Exercise materials ::
+--

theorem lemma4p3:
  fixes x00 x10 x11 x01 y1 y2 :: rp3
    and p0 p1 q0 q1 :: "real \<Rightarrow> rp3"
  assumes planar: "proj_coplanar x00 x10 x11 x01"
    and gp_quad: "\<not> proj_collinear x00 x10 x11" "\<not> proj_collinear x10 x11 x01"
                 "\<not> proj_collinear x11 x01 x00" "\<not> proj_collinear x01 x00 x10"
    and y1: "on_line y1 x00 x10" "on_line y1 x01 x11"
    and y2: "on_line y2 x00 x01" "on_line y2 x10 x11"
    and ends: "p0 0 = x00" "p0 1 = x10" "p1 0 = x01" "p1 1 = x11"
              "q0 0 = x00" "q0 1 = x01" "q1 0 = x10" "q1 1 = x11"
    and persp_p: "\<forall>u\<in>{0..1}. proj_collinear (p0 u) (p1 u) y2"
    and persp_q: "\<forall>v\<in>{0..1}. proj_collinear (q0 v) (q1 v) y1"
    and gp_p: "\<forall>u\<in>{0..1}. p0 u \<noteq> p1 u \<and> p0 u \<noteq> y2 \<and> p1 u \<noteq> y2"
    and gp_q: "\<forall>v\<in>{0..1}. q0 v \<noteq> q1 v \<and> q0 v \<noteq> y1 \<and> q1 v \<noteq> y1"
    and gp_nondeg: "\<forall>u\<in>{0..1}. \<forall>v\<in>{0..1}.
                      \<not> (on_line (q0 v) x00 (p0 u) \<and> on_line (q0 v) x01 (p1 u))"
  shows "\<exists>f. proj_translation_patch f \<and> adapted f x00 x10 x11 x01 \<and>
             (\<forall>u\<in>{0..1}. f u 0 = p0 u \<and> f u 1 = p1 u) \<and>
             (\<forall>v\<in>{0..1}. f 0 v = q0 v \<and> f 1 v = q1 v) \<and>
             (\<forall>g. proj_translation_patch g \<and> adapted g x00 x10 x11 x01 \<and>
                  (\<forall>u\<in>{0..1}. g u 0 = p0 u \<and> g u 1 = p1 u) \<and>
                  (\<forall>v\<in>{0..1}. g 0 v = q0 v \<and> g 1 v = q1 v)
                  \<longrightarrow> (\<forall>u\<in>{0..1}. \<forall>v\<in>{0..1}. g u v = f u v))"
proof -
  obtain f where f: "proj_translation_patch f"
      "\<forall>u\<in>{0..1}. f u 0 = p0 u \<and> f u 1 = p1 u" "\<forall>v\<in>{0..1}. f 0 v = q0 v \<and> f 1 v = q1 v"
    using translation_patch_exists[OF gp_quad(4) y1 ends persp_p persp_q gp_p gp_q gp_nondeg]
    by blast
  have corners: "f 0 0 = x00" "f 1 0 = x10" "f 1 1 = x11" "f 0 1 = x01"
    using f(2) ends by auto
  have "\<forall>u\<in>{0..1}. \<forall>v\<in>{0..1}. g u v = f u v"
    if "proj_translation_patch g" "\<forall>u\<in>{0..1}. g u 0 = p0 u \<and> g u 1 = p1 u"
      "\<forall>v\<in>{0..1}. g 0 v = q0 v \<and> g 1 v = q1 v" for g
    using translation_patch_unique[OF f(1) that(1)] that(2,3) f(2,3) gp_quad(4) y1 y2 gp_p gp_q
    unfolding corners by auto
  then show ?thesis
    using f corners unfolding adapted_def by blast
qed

+--

About this exercise ::
Extract all lines from the data in which "using" is found.

Answer to the exercise ::
    using translation_patch_exists[OF gp_quad(4) y1 ends persp_p persp_q gp_p gp_q gp_nondeg]
    using f(2) ends by auto
    using translation_patch_unique[OF f(1) that(1)] that(2,3) f(2,3) gp_quad(4) y1 y2 gp_p gp_q
    using f corners unfolding adapted_def by blast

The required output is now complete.